In RTOS and embedded systems contexts, latency is the elapsed time between a triggering event and the system's first observable response to that event. It is a key metric for evaluating whether a system can meet real-time deadlines.
In practice
Latency surfaces in several distinct forms in embedded work. Interrupt latency is the time from a hardware interrupt being asserted to the first instruction of the ISR executing; this includes the time for the CPU to finish the current instruction, save context, and vector to the handler. On ARM Cortex-M cores, with the NVIC and no interrupt nesting complications, this is typically on the order of 12–40 cycles under ideal conditions (zero wait-state RAM execution, no stacking surprises), but the actual figure varies with core variant, memory wait states, flash acceleration, and implementation details. Scheduling latency (or preemption latency) is the additional time from the end of an ISR to when the RTOS actually runs the highest-priority ready task; this depends on whether a context switch is pending, what the scheduler overhead is, and whether a critical section is held.
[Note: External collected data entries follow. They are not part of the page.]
lemma involutive_hom_in_Aut_stab:
  assumes "f \<in> hom G G" and "\<And>x. x \<in> carrier G \<Longrightarrow> f (f x) = x"
    and "S \<subseteq> carrier G" and "f ` S \<subseteq> S"
  shows "f \<in> Aut_stab G S"
proof -
  have f: "f \<in> carrier G \<rightarrow> carrier G" using assms(1) by (simp add: hom_def)
  have "bij_betw f (carrier G) (carrier G)"
    by (rule bij_betwI[OF f f]) (use assms(2) in blast)+
  moreover have "S \<subseteq> f ` S"
  proof
    fix x
    assume "x \<in> S"
    then have "f x \<in> S" "f (f x) = x" using assms(2-4) by auto
    then show "x \<in> f ` S" by (metis imageI)
  qed
  ultimately show ?thesis
    using assms(1,4) by (auto simp: Aut_stab_def iso_def)
qed

lemma (in group) conj_by_involution_hom:
  assumes "k \<in> carrier G" and "k \<otimes> k = \<one>"
  shows "(\<lambda>g. k \<otimes> g \<otimes> k) \<in> hom G G"
proof (rule homI)
  have cancel: "k \<otimes> (k \<otimes> x) = x" if "x \<in> carrier G" for x
    using assms that by (simp flip: m_assoc)
  fix g h
  assume "g \<in> carrier G" "h \<in> carrier G"
  then show "k \<otimes> (g \<otimes> h) \<otimes> k = k \<otimes> g \<otimes> k \<otimes> (k \<otimes> h \<otimes> k)"
    using assms by (simp add: m_assoc cancel)
qed (use assms in simp)

lemma exists_nat_mult_mod_eq:
  assumes "Factorial_Ring.prime p" and "\<not> int p dvd c"
  shows "\<exists>n :: nat. (int n * c) mod int p = m mod int p"
proof -
  have "coprime c (int p)"
    using assms by (metis prime_imp_coprime coprime_commute prime_nat_int_transfer)
  then obtain u v where "u * c + v * int p = 1"
    using bezout_int[of c "int p"] by auto
  then have uc: "u * c = 1 + (- v) * int p" by simp
  have "p > 0" using assms(1) prime_gt_0_nat by blast
  then have "int (nat ((m * u) mod int p)) = (m * u) mod int p" by simp
  moreover have "((m * u) mod int p * c) mod int p = m mod int p"
  proof -
    have "((m * u) mod int p * c) mod int p = (m * (u * c)) mod int p"
      by (metis mod_mult_left_eq mult.assoc)
    also have "\<dots> = (m * (1 + (- v) * int p)) mod int p"
      by (simp only: uc)
    also have "\<dots> = (m + (- m * v) * int p) mod int p"
      by (simp add: algebra_simps)
    also have "\<dots> = m mod int p"
      by (rule mod_mult_self1)
    finally show ?thesis .
  qed
  ultimately show ?thesis by (intro exI[of _ "nat ((m * u) mod int p)"]) simp
qed

(* z \<mapsto> z^s, x \<mapsto> x^k, y \<mapsto> x^j y *)
definition CqD_map ::
  "nat \<Rightarrow> nat \<Rightarrow> int \<Rightarrow> int \<Rightarrow> int \<Rightarrow> int \<times> int \<times> bool \<Rightarrow> int \<times> int \<times> bool" where
  "CqD_map q r s k j = (\<lambda>(c, b, e). ((s * c) mod int q, (k * b + (if e then j else 0)) mod int r, e))"

lemma CqD_map_apply [simp]:
  "CqD_map q r s k j (c, b, e) = ((s * c) mod int q, (k * b + (if e then j else 0)) mod int r, e)"
  by (simp add: CqD_map_def)

lemma CqD_map_hom:
  assumes "q > 0" "r > 0"
  shows "CqD_map q r s k j \<in> hom (CqD q r) (CqD q r)"
proof (rule homI)
  have mod_inner: "(a + k * (x mod int r)) mod int r = (a + k * x) mod int r"
    "(a + (b + x mod int r)) mod int r = (a + (b + x)) mod int r" for a b k x
     apply (metis mod_add_right_eq mod_mult_right_eq)
    by (metis mod_add_right_eq)
  fix x y
  assume "x \<in> carrier (CqD q r)" "y \<in> carrier (CqD q r)"
  obtain c b e c' b' e' where xy: "x = (c, b, e)" "y = (c', b', e')"
    by (cases x; cases y) auto
  show "CqD_map q r s k j (x \<otimes>\<^bsub>CqD q r\<^esub> y) =
    CqD_map q r s k j x \<otimes>\<^bsub>CqD q r\<^esub> CqD_map q r s k j y"
    by (cases e; cases e') (simp_all add: xy mod_inner mod_simps algebra_simps)
qed (use assms in \<open>auto simp: carrier_CqD\<close>)

lemma CqD_map_involutive:
  assumes "q > 0" "s \<in> {1, -1}" "k = -1 \<or> (k = 1 \<and> j = 0)" "x \<in> carrier (CqD q r)"
  shows "CqD_map q r s k j (CqD_map q r s k j x) = x"
  using assms by (cases x) (auto simp: carrier_CqD mod_simps algebra_simps)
In practice, worst-case latency matters more than average latency for hard real-time systems. An RTOS may advertise a typical interrupt latency of a few microseconds, but a poorly placed critical section, a long ISR, or a high-priority task with a burst of work can cause occasional spikes that violate timing requirements. Tools like RTOS trace recorders (e.g., Percepio Tracealyzer, Segger SystemView) are commonly used to measure and visualize latency distributions rather than relying on average figures.
Latency compounds across a signal processing or control pipeline. In a data acquisition system, total end-to-end latency includes sensor settling time, ADC conversion time, DMA transfer, task wakeup latency, and processing time before output. Each stage adds to the total, and jitter at any stage accumulates.
Linux-based embedded systems (e.g., i.MX 6, AM335x) running the mainline kernel introduce significant and variable scheduling latency -- often hundreds of microseconds to low milliseconds -- due to a combination of non-preemptible kernel sections, configuration choices, workload characteristics, and hardware; the exact range depends heavily on kernel version and system configuration. PREEMPT_RT patches reduce worst-case latency substantially but do not eliminate it. For hard real-time requirements, a dedicated RTOS or a dual-core asymmetric design (one core running Linux, one running a bare-metal or RTOS workload) is often used instead.
Frequently asked
What is the difference between interrupt latency and scheduling latency?
Interrupt latency is the time from a hardware interrupt signal to the first ISR instruction executing. Scheduling latency (sometimes called dispatch latency or preemption latency) is the time from the end of an ISR -- where the RTOS is notified a higher-priority task is ready -- to when that task actually begins running. Total response latency is the sum of both, plus any time spent in critical sections that defer the scheduler.
Why is worst-case latency more important than average latency for real-time systems?
A hard real-time system must guarantee its deadline is never missed, not just usually met. A system with a 2 us average latency but a 500 us worst-case spike will miss any hard deadline tighter than that worst case, regardless of how well it performs on average. Measuring and bounding worst-case latency -- ideally under realistic load and stress conditions -- is the relevant design target.
What are common sources of unexpected latency spikes in RTOS-based systems?
Common sources include: long or poorly scoped critical sections (disabling
interrupts or the scheduler), high-priority tasks that run for longer than expected bursts, ISRs that do too much work,
cache misses on processors with data and instruction caches, and
DMA or bus contention. On devices with an
MMU, TLB misses can also add cycles. Profiling with a trace tool is usually necessary to identify the actual source.
Can I trust an RTOS vendor's published interrupt latency figure?
Treat vendor figures as a best-case baseline measured under ideal conditions -- often on a specific CPU, with no other tasks running, no critical sections active, and
cache warmed. Your actual worst-case latency will typically be higher once you add your application workload, critical sections, and any peripheral-induced bus stalls. Measure on your target hardware under realistic conditions.
How does boot latency relate to real-time requirements?
Some systems must respond to external events shortly after power-on, making boot time a real-time constraint in itself. A system that takes two seconds to initialize an RTOS, drivers, and application state may miss an early event. There is a tradeoff between keeping a system in a low-power standby state (short wakeup latency) versus cold-booting (potentially lower idle power but longer response time).
Differentiators vs similar concepts
Latency is often conflated with jitter and throughput. Latency is the delay for a single event to produce a response. Jitter is the variation in that latency across repeated events -- a system can have low average latency but high jitter, which is equally problematic for real-time control. Throughput is the rate at which a system processes a sustained stream of events and is a separate metric; a system can have high throughput but poor (high) latency, or low latency but limited throughput.